Although both the Trial Examiner and a majority of the Board concluded that Moore's activity was not protected by the Act, their reasoning was different. The Trial Examiner, stressing the individual character of Moore's campaign, found that his activity was not "concerted," and therefore not covered by the statute. The Board, stressing his expressed intentions and requests rather than his accomplishments, regarded his activity as "concerted," but prohibited by the no-strike clause of the contract. The dissenting member of the Board agreed that Moore was engaged in concerted activity, but felt that he did not violate the no-strike clause.
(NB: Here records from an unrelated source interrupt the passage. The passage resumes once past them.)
lemma clarke_dd_le_iff:
  "clarke_dd g x v \<le> ereal r \<longleftrightarrow>
     (\<forall>e>0. \<forall>\<^sub>F (y, t) in clarke_filter x. (g (y + t *\<^sub>R v) - g y) / t \<le> r + e)"
proof (intro iffI allI impI)
  fix e :: real assume "clarke_dd g x v \<le> ereal r" "e > 0"
  then have "clarke_dd g x v < ereal (r + e)"
    by (simp add: le_less_trans)
  then have "\<forall>\<^sub>F z in clarke_filter x. (\<lambda>(y, t). ereal ((g (y + t *\<^sub>R v) - g y) / t)) z < ereal (r + e)"
    unfolding clarke_dd_def by (rule Limsup_lessD)
  then show "\<forall>\<^sub>F (y, t) in clarke_filter x. (g (y + t *\<^sub>R v) - g y) / t \<le> r + e"
    by (rule eventually_mono) (simp add: case_prod_beta')
next
  assume bound: "\<forall>e>0. \<forall>\<^sub>F (y, t) in clarke_filter x. (g (y + t *\<^sub>R v) - g y) / t \<le> r + e"
  show "clarke_dd g x v \<le> ereal r"
  proof (rule ereal_le_epsilon2)
    fix e :: real assume "e > 0"
    with bound have "\<forall>\<^sub>F (y, t) in clarke_filter x. (g (y + t *\<^sub>R v) - g y) / t \<le> r + e"
      by blast
    then have "\<forall>\<^sub>F z in clarke_filter x. (\<lambda>(y, t). ereal ((g (y + t *\<^sub>R v) - g y) / t)) z \<le> ereal r + ereal e"
      by (rule eventually_mono) (simp add: case_prod_beta')
    then show "clarke_dd g x v \<le> ereal r + ereal e"
      unfolding clarke_dd_def by (rule Limsup_bounded)
  qed
qed

lemma clarke_dd_add_direction_le:
  assumes "clarke_dd g x u \<le> ereal a" "clarke_dd g x w \<le> ereal b"
  shows "clarke_dd g x (u + w) \<le> ereal (a + b)"
  unfolding clarke_dd_le_iff
proof (intro allI impI)
  fix e :: real assume "e > 0"
  have shift: "filterlim (\<lambda>(y, t). (y + t *\<^sub>R w, t)) (clarke_filter x) (clarke_filter x)"
    using filterlim_Pair[OF tendsto_shift_clarke_filter filterlim_snd] by (simp add: case_prod_beta')
  have "\<forall>\<^sub>F (y, t) in clarke_filter x. (g (y + t *\<^sub>R u) - g y) / t \<le> a + e/2"
    using assms(1) \<open>e > 0\<close> by (simp add: clarke_dd_le_iff)
  from eventually_compose_filterlim[OF this shift]
  have "\<forall>\<^sub>F (y, t) in clarke_filter x. (g (y + t *\<^sub>R w + t *\<^sub>R u) - g (y + t *\<^sub>R w)) / t \<le> a + e/2"
    by (simp add: case_prod_beta')
  moreover have "\<forall>\<^sub>F (y, t) in clarke_filter x. (g (y + t *\<^sub>R w) - g y) / t \<le> b + e/2"
    using assms(2) \<open>e > 0\<close> by (simp add: clarke_dd_le_iff)
  ultimately show "\<forall>\<^sub>F (y, t) in clarke_filter x. (g (y + t *\<^sub>R (u + w)) - g y) / t \<le> a + b + e"
  proof eventually_elim
    case (elim z)
    then show ?case
      by (simp add: case_prod_beta' scaleR_add_right add.assoc add.commute[of "snd z *\<^sub>R u"] diff_divide_distrib)
  qed
qed

lemma clarke_dd_scaleR_le:
  assumes "clarke_dd g x v \<le> ereal r" "c > 0"
  shows "clarke_dd g x (c *\<^sub>R v) \<le> ereal (c * r)"
  unfolding clarke_dd_le_iff
proof (intro allI impI)
  fix e :: real assume "e > 0"
  have "((\<lambda>z. c * snd z) \<longlongrightarrow> c * 0) (clarke_filter x)"
    by (intro tendsto_intros tendsto_snd_clarke_filter)
  moreover have "\<forall>\<^sub>F z in clarke_filter x. c * snd z > 0"
    using eventually_snd_pos_clarke_filter by eventually_elim (simp add: \<open>c > 0\<close>)
  ultimately have "filterlim (\<lambda>z. c * snd z) (at_right 0) (clarke_filter x)"
    by (simp add: tendsto_imp_filterlim_at_right)
  then have stretch: "filterlim (\<lambda>(y, t). (y, c * t)) (clarke_filter x) (clarke_filter x)"
    using filterlim_Pair[OF tendsto_fst_clarke_filter] by (simp add: case_prod_beta')
  have "\<forall>\<^sub>F (y, t) in clarke_filter x. (g (y + t *\<^sub>R v) - g y) / t \<le> r + e / c"
    using assms \<open>e > 0\<close> by (simp add: clarke_dd_le_iff)
  from eventually_compose_filterlim[OF this stretch]
  show "\<forall>\<^sub>F (y, t) in clarke_filter x. (g (y + t *\<^sub>R c *\<^sub>R v) - g y) / t \<le> c * r + e"
  proof eventually_elim
    case (elim z)
    then have "(g (fst z + (c * snd z) *\<^sub>R v) - g (fst z)) / (c * snd z) \<le> r + e / c"
      by (simp add: case_prod_beta')
    then have "c * ((g (fst z + (c * snd z) *\<^sub>R v) - g (fst z)) / (c * snd z)) \<le> c * r + e"
      using \<open>c > 0\<close> mult_left_mono[of _ _ c] by (fastforce simp: distrib_left)
    moreover have "c * ((g (fst z + (c * snd z) *\<^sub>R v) - g (fst z)) / (c * snd z))
        = (g (fst z + snd z *\<^sub>R c *\<^sub>R v) - g (fst z)) / snd z"
      using \<open>c > 0\<close> by (simp add: mult.commute)
    ultimately show ?case by (simp add: case_prod_beta')
  qed
qed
Certain propositions of law are not disputed. There are kinds of concerted activity that are not protected by the Act. N.L.R.B. v. Washington Aluminum Co., 370 U.S. 9, 17, 82 S.Ct. 1099, 8 L.Ed.2d 298. Specifically, conduct which violates a no-strike clause in a collective bargaining agreement is not protected and may give rise to discharge. Atkinson v. Sinclair Refining Co., 370 U.S. 238, 246, 82 S.Ct. 1318, 8 L.Ed.2d 462. The critical question here is whether Moore's conduct violated Article 1, Paragraph 5, of the agreement between Sunbeam and the union.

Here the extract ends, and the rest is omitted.